If the use of value-added modeling becomes widespread, what are the likely consequences? These models, particularly when used in a high-stakes accountability setting, may create strong incentives for teachers and administrators to change their behavior. The avowed intention is for educators to respond by working harder or by incorporating different teaching strategies to improve student achievement. However, perverse incentives may also be
created, resulting in unintended negative consequences. On one hand, for example, since a value-added system compares the performance of teachers relative to one another, it could reduce teacher cooperation within schools, depending on how the incentives are structured. On the other hand, if school-level value-added is rewarded, it can create a “free rider” problem whereby some shirkers benefit from the good work of their colleagues, without putting forth more effort themselves. Because the implementation of value-added models in education has so far been limited, there is not much evidence about their consequences. At the workshop, some clues as to how educators might respond were provided by the case of a program instituted in New York that used an adjusted status model to monitor the effectiveness of heart surgeons in the state’s hospitals. We provide below some examples of how value-added models have recently been used in education for various purposes.
SOME RECENT USES
Value-added models can be useful for conducting exploratory research on educational interventions because they aim to identify the contributions of certain programs, teachers, or schools when a true experimental design is not feasible.
Workshop presenter John Easton has been studying school reform in Chicago for about 20 years. He and his colleagues used surveys of educators to identify essential supports for school success (inclusive leadership, parents’ community ties, professional capacity, student-centered learning climate, and ambitious instruction). The team then used a value-added analysis to provide empirical evidence that these fundamentals were indeed strongly associated with school effectiveness. As a result of this research, the Chicago Public School system has adopted these essential supports as its “five fundamentals for school success” (Easton, 2008).
Value-added models have also been used by researchers to gauge the relationship of various teacher qualifications (such as licensure, certification, years of experience, advanced degrees) to student progress. Workshop discussant Helen Ladd described her research, which applied a value-added model to data from North Carolina to explore the relationship between teacher credentials and students’ performance on end-of-course exams at the high school level (Clotfelter, Ladd, and Vigdor, 2007). The researchers found that teacher credentials are positively correlated with student achievement. One problem Ladd’s studies identified is that teachers with weaker credentials were concentrated in higher poverty schools, and the apparent effects of having low-credentialed teachers in
high school was great, particularly for African American students: “We conclude that if the teachers assigned to black students had the same credentials on average as those assigned to white students, the achievement difference between black and white students would be reduced by about one third” (Clotfelter, Ladd, and Vigdor, 2007, p. 38).
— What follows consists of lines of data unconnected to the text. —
definition is_kcategory :: "('o, 'm, 'k::comm_ring_1, 'x) kcat_scheme \<Rightarrow> bool" where
  "is_kcategory C \<longleftrightarrow> is_category C \<and>
     (\<forall>x\<in>Ob C. \<forall>y\<in>Ob C.
        kzero C x y \<in> Hom C x y \<and>
        (\<forall>f\<in>Hom C x y. \<forall>g\<in>Hom C x y. kadd C f g \<in> Hom C x y) \<and>
        (\<forall>r. \<forall>f\<in>Hom C x y. ksmult C r f \<in> Hom C x y) \<and>
        (\<forall>f\<in>Hom C x y. \<forall>g\<in>Hom C x y. \<forall>h\<in>Hom C x y.
            kadd C (kadd C f g) h = kadd C f (kadd C g h)) \<and>
        (\<forall>f\<in>Hom C x y. \<forall>g\<in>Hom C x y. kadd C f g = kadd C g f) \<and>
        (\<forall>f\<in>Hom C x y. kadd C (kzero C x y) f = f) \<and>
        (\<forall>f\<in>Hom C x y. \<exists>g\<in>Hom C x y. kadd C f g = kzero C x y) \<and>
        (\<forall>r. \<forall>f\<in>Hom C x y. \<forall>g\<in>Hom C x y.
            ksmult C r (kadd C f g) = kadd C (ksmult C r f) (ksmult C r g)) \<and>
        (\<forall>r s. \<forall>f\<in>Hom C x y. ksmult C (r + s) f = kadd C (ksmult C r f) (ksmult C s f)) \<and>
        (\<forall>r s. \<forall>f\<in>Hom C x y. ksmult C (r * s) f = ksmult C r (ksmult C s f)) \<and>
        (\<forall>f\<in>Hom C x y. ksmult C 1 f = f)) \<and>
     (\<forall>x y z f f' g g'. f \<in> Hom C x y \<and> f' \<in> Hom C x y \<and> g \<in> Hom C y z \<and> g' \<in> Hom C y z \<longrightarrow>
        cmp C (kadd C g g') f = kadd C (cmp C g f) (cmp C g' f) \<and>
        cmp C g (kadd C f f') = kadd C (cmp C g f) (cmp C g f')) \<and>
     (\<forall>x y z f g r. f \<in> Hom C x y \<and> g \<in> Hom C y z \<longrightarrow>
        cmp C (ksmult C r g) f = ksmult C r (cmp C g f) \<and>
        cmp C g (ksmult C r f) = ksmult C r (cmp C g f))"

type_synonym ('o, 'm) func = "('o \<Rightarrow> 'o) \<times> ('m \<Rightarrow> 'm)"

abbreviation fo :: "('o, 'm) func \<Rightarrow> 'o \<Rightarrow> 'o" where "fo F \<equiv> fst F"
abbreviation fm :: "('o, 'm) func \<Rightarrow> 'm \<Rightarrow> 'm" where "fm F \<equiv> snd F"

definition idF :: "('o, 'm) func" where "idF = (\<lambda>x. x, \<lambda>f. f)"

definition fcompose :: "('o, 'm) func \<Rightarrow> ('o, 'm) func \<Rightarrow> ('o, 'm) func" where
  "fcompose G F = (fo G \<circ> fo F, fm G \<circ> fm F)"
Easton argued that more research studies are needed using value-added models, as an essential first step in exploring their possible uses for accountability or other high-stakes purposes. “The more widely circulated research using value-added metrics as outcomes there is, the more understanding there will be about [how] they can be used most successfully and what their limits are” (Easton, 2008, p. 9).
School or Teacher Improvement
Value-added models are intended to help identify schools or teachers as more effective or less effective, as well as the areas in which they are differentially effective. Ideally, that can lead to further investigation and, ultimately, the adoption of improved instructional strategies. Value-added results might be used by teachers for self-improvement or target setting. At the school level, they might be used along with other measures to help identify the subjects, grades, and groups of students for which the school is adding most value and where improvement is needed. Value-added analyses of the relationships between school inputs and school performance could suggest which strategies are most productive, leading to ongoing policy adjustments and reallocation of resources. The models might also be used to create projections of school performance that can assist in planning, resource allocation, and decision making. In these ways, value-added results could be used by teachers and schools as an early warning signal.
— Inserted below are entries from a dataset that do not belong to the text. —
(*
  The argument counts homomorphisms from patterns, in the style of Lovasz.  A pattern is a finite
  set K with pairs I of elements of K.  A pattern homomorphism into a signed graph is a map phi
  on K together with a switching x of K such that the pairs in a prescribed set M are sent to
  edges, the other pairs of I are collapsed, and the pairs that are negative after switching by x
  form a prescribed set N; identifications Q and separations D may also be imposed.  These counts
  are invariant under switching equivalence.  An edge of A x B lies in one factor and takes its
  sign there, and a switching of A x B is the sum of switchings of the factors, whence
    2^|K| hom(A x B; M, N) = sum over M1 <= M, N1 <= I of hom(A; M1, N1) hom(B; M - M1, N xor N1),
  where xor is symmetric difference.
  The terms with M1 empty add up to c hom(B; M, N) with c > 0 depending only on A, so induction
  on M cancels A.  Inclusion-exclusion over separations then gives equal counts of injective
  pattern homomorphisms, and using B (resp. C) itself as pattern yields switching embeddings
  B -> C and C -> B, which are equivalences by counting vertices and edges.
*)

lemma signed_graph_edgeD:
  assumes "signed_graph V E \<sigma>" and "{u, v} \<in> E"
  shows "u \<noteq> v" and "u \<in> V" and "v \<in> V"
  using assms unfolding signed_graph_def by (metis doubleton_eq_iff)+

lemma signed_graph_sign:
  "signed_graph V E \<sigma> \<Longrightarrow> e \<in> E \<Longrightarrow> \<sigma> e = 1 \<or> \<sigma> e = -1"
  unfolding signed_graph_def by blast

lemma signed_graph_edges_subset: "signed_graph V E \<sigma> \<Longrightarrow> E \<subseteq> Pow V"
  unfolding signed_graph_def by auto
Perhaps the best-known value-added model used for teacher evaluation and improvement is the Education Value Added Assessment System (EVAAS), which has been used in Tennessee since 1993. “The primary purpose … is to provide information about how effective a school, system, or teacher has been in leading students to achieve normal academic gain over a three year period.” (Sanders and Horn, 1998, p. 250). The system was created by William Sanders and his colleagues, and this model (or variations) have been tried in a number of different school districts. EVAAS-derived reports on teacher effectiveness are made available to teachers and administrators but are not made public. State legislation requires that EVAAS results are to be part of the evaluation of those teachers for whom such data are available (those who teach courses tested by the statewide assessment program). How large a role the estimates of effectiveness are to play in teacher evaluation is left up to the district,
although EVAAS reports cannot be the sole source of information in a teacher’s evaluation. They are used to create individualized professional development plans for teachers, and subsequent EVAAS reports can be used to judge the extent to which improved teacher performance has resulted from these plans (Sanders and Horn, 1998).
When used for program evaluation, value-added models can provide information about which types of local or national school programs or policy initiatives are adding the most value and which are not, in terms of student achievement. These might include initiatives as diverse as a new curriculum, decreased class size, and approaches to teacher certification.
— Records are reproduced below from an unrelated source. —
lemma pseries2_at0_unique:
  assumes c: "pseries2_at0 F c" and d: "pseries2_at0 F d"
  shows "c = d"
proof -
  obtain \<rho>1 where \<rho>1: "\<rho>1 > 0" "absconv c \<rho>1"
    and Fc: "\<And>z w. norm z \<le> \<rho>1 \<Longrightarrow> norm w \<le> \<rho>1 \<Longrightarrow> F z w = eval2 c z w"
    using pseries2_at0_imp_absconv[OF c] by blast
  obtain \<rho>2 where \<rho>2: "\<rho>2 > 0" "absconv d \<rho>2"
    and Fd: "\<And>z w. norm z \<le> \<rho>2 \<Longrightarrow> norm w \<le> \<rho>2 \<Longrightarrow> F z w = eval2 d z w"
    using pseries2_at0_imp_absconv[OF d] by blast
  define \<rho> where "\<rho> = min \<rho>1 \<rho>2"
  have \<rho>: "\<rho> > 0" "\<rho> \<le> \<rho>1" "\<rho> \<le> \<rho>2" using \<rho>1 \<rho>2 by (auto simp: \<rho>_def)
  have cd: "absconv c \<rho>" "absconv d \<rho>"
    using absconv_mono(1) \<rho>1 \<rho>2 \<rho> by auto
  define e where "e = (\<lambda>k l. c k l - d k l)"
  have "absconv e \<rho>"
    unfolding absconv_def
  proof (rule summable_on_comparison_test)
    show "(\<lambda>x. (\<lambda>(k,l). norm (c k l) * \<rho>^k * \<rho>^l) x + (\<lambda>(k,l). norm (d k l) * \<rho>^k * \<rho>^l) x) summable_on UNIV"
      using cd unfolding absconv_def by (rule summable_on_add)
  next
    fix x :: "nat \<times> nat"
    have "norm (e (fst x) (snd x)) * (\<rho>^fst x * \<rho>^snd x) \<le>
        (norm (c (fst x) (snd x)) + norm (d (fst x) (snd x))) * (\<rho>^fst x * \<rho>^snd x)"
      unfolding e_def by (rule mult_right_mono[OF norm_triangle_ineq4]) (use \<rho> in simp)
    then show "(\<lambda>(k,l). norm (e k l) * \<rho>^k * \<rho>^l) x \<le>
        (\<lambda>(k,l). norm (c k l) * \<rho>^k * \<rho>^l) x + (\<lambda>(k,l). norm (d k l) * \<rho>^k * \<rho>^l) x"
      by (simp add: case_prod_unfold algebra_simps)
  qed (use \<rho> in \<open>auto simp: case_prod_unfold\<close>)
  moreover have "eval2 e z w = 0" if "norm z < \<rho>" "norm w < \<rho>" for z w
  proof -
    have zw: "norm z \<le> \<rho>" "norm w \<le> \<rho>" using that by auto
    have "((\<lambda>(k,l). c k l * z^k * w^l - d k l * z^k * w^l) has_sum eval2 c z w - eval2 d z w) UNIV"
      using has_sum_add[OF absconv_eval2(2)[OF cd(1) zw] has_sum_uminusI[OF absconv_eval2(2)[OF cd(2) zw]]]
      by (simp add: case_prod_unfold)
    moreover have "eval2 c z w = eval2 d z w"
      using Fc[of z w] Fd[of z w] zw \<rho> by simp
    ultimately show ?thesis
      unfolding eval2_def e_def by (simp add: infsumI case_prod_unfold algebra_simps)
  qed
  ultimately have "e k l = 0" for k l using absconv_eval2_eq_0_coeffs[OF \<rho>(1)] by blast
  then show ?thesis by (auto simp: e_def)
qed

lemma pseries2_at0_small_wnorm:
  assumes G: "pseries2_at0 G c" and G0: "G 0 0 = 0" and s: "s > 0"
  obtains \<rho> where "\<rho> > 0" "absconv c \<rho>" "wnorm c \<rho> < s"
    "\<And>z w. norm z \<le> \<rho> \<Longrightarrow> norm w \<le> \<rho> \<Longrightarrow> G z w = eval2 c z w"
proof -
  obtain \<rho>G where \<rho>G: "\<rho>G > 0" "absconv c \<rho>G"
    and G_eval: "\<And>z w. norm z \<le> \<rho>G \<Longrightarrow> norm w \<le> \<rho>G \<Longrightarrow> G z w = eval2 c z w"
    using pseries2_at0_imp_absconv[OF G] by blast
  have "c 0 0 = 0" using G_eval[of 0 0] \<rho>G G0 by (simp add: eval2_origin)
  then obtain \<rho> where \<rho>: "0 < \<rho>" "\<rho> \<le> \<rho>G" "wnorm c \<rho> < s"
    using exists_radius_wnorm_less[OF \<rho>G(2,1) _ s] by blast
  show ?thesis
    by (rule that[OF \<rho>(1) absconv_mono(1)[OF \<rho>G(2) _ \<rho>(2)] \<rho>(3)]) (use \<rho> G_eval in auto)
qed

lemma pseries2_at0_subst2:
  assumes F: "pseries2_at0 F B" and G: "pseries2_at0 G cG" and H: "pseries2_at0 H cH"
    and G0: "G 0 0 = 0" and H0: "H 0 0 = 0"
  shows "pseries2_at0 (\<lambda>z w. F (G z w) (H z w)) (subst2 B cG cH)"
proof -
  obtain R where R: "R > 0" and F_sums: "\<And>x y. norm x < R \<Longrightarrow> norm y < R \<Longrightarrow>
      ((\<lambda>(i,j). B i j * x^i * y^j) has_sum F x y) UNIV"
    using F unfolding pseries2_at0_def by blast
  define s where "s = R / 2"
  have s: "0 < s" "s < R" using R by (auto simp: s_def)
  have "(\<lambda>(i,j). B i j * (complex_of_real s)^i * (complex_of_real s)^j) summable_on UNIV"
    using F_sums[of "complex_of_real s" "complex_of_real s"] s by (auto intro: has_sum_imp_summable)
  then have "(\<lambda>ij. norm ((\<lambda>(i,j). B i j * (complex_of_real s)^i * (complex_of_real s)^j) ij)) summable_on UNIV"
    using summable_on_iff_abs_summable_on_complex by blast
  then have B_abs: "(\<lambda>(i,j). norm (B i j) * s^i * s^j) summable_on UNIV"
    using s by (simp add: case_prod_unfold norm_mult norm_power)
  text \<open>Shrink the radius until the values of G and H stay inside the polydisc of convergence of F.\<close>
  obtain \<rho>1 where \<rho>1: "0 < \<rho>1" "absconv cG \<rho>1" "wnorm cG \<rho>1 < s"
    and G_eval: "\<And>z w. norm z \<le> \<rho>1 \<Longrightarrow> norm w \<le> \<rho>1 \<Longrightarrow> G z w = eval2 cG z w"
    using pseries2_at0_small_wnorm[OF G G0 s(1)] by blast
  obtain \<rho>2 where \<rho>2: "0 < \<rho>2" "absconv cH \<rho>2" "wnorm cH \<rho>2 < s"
    and H_eval: "\<And>z w. norm z \<le> \<rho>2 \<Longrightarrow> norm w \<le> \<rho>2 \<Longrightarrow> H z w = eval2 cH z w"
    using pseries2_at0_small_wnorm[OF H H0 s(1)] by blast
  define \<rho> where "\<rho> = min \<rho>1 \<rho>2"
  have \<rho>: "0 < \<rho>" "\<rho> \<le> \<rho>1" "\<rho> \<le> \<rho>2" using \<rho>1 \<rho>2 by (auto simp: \<rho>_def)
  have conv: "absconv cG \<rho>" "absconv cH \<rho>"
    using absconv_mono(1) \<rho>1 \<rho>2 \<rho> by auto
  have small: "wnorm cG \<rho> \<le> s" "wnorm cH \<rho> \<le> s"
    using absconv_mono(2)[OF \<rho>1(2), of \<rho>] absconv_mono(2)[OF \<rho>2(2), of \<rho>] \<rho> \<rho>1 \<rho>2 by auto
  show ?thesis
  proof (rule absconv_imp_pseries2_at0[OF \<rho>(1) absconv_subst2[OF B_abs conv _ small]])
    fix z w :: complex assume z: "norm z \<le> \<rho>" and w: "norm w \<le> \<rho>"
    have "norm (eval2 cG z w) < R" "norm (eval2 cH z w) < R"
      using absconv_eval2(3)[OF conv(1) z w] absconv_eval2(3)[OF conv(2) z w] small s by auto
    moreover have "G z w = eval2 cG z w" "H z w = eval2 cH z w"
      using G_eval H_eval z w \<rho> by auto
    ultimately have "F (G z w) (H z w) = (\<Sum>\<^sub>\<infinity>(i,j). B i j * eval2 cG z w ^ i * eval2 cH z w ^ j)"
      using F_sums[THEN infsumI] by simp
    also have "\<dots> = eval2 (subst2 B cG cH) z w"
      by (rule eval2_subst2[OF B_abs conv _ small z w, symmetric]) (use \<rho> in simp)
    finally show "F (G z w) (H z w) = eval2 (subst2 B cG cH) z w" .
  qed (use \<rho> in simp)
qed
The Teach For America (TFA) Program recruits graduates of four-year colleges and universities to teach in public schools (K-12) in high-poverty districts. It receives funding from both private sources and the federal government. In recent years, the program has placed between 2,000 and 4,000 teachers annually. Recruits agree to teach for two years at pay comparable to that of other newly hired teachers. After an intensive summer-long training session, they are placed in the classroom, with mentoring and evaluation provided throughout the year. The program has been criticized because many believe that this alternate route to teaching is associated with lower quality teaching. There is also the concern that, because the majority of participants leave their positions upon completing their two-year commitment, students in participating districts are being taught by less experienced (and therefore less effective) teachers. Xu, Hannaway, and Taylor (2007) used an adjusted status model (similar to a value-added model but does not use prior test scores) to investigate these criticisms. Using data on secondary school students and teachers from North Carolina,2 the researchers found that TFA teachers were more effective in raising exam scores than other teachers, even those with more experience: “TFA teachers are more effective than the teachers who would otherwise be in the classroom in their stead” (p. 23). This finding may be dependent on the poor quality of the experienced teachers in the types of high-poverty urban districts served by the program.
School or Teacher Accountability
In an accountability context, consequences are attached to value-added results in order to provide incentives to teachers and school administrators to improve student performance. They might be used for such decisions as whether the students in a school are making appropriate progress for the school to avoid sanctions or receive rewards, or whether a teacher should get a salary increase. School accountability systems that use value-added models would provide this information to the public—taxpayers might be informed as to whether tax money is being used efficiently, and users might be able to choose schools on a more informed basis. At this time, many policy makers are seriously considering using value-added results for accountability, and there is much discussion about these possible uses. But the design of a model might differ depending on whether the goal is to create incentives to improve the performance of certain students, to weed out weak teachers, or to inform parents about the most effective schools for their children.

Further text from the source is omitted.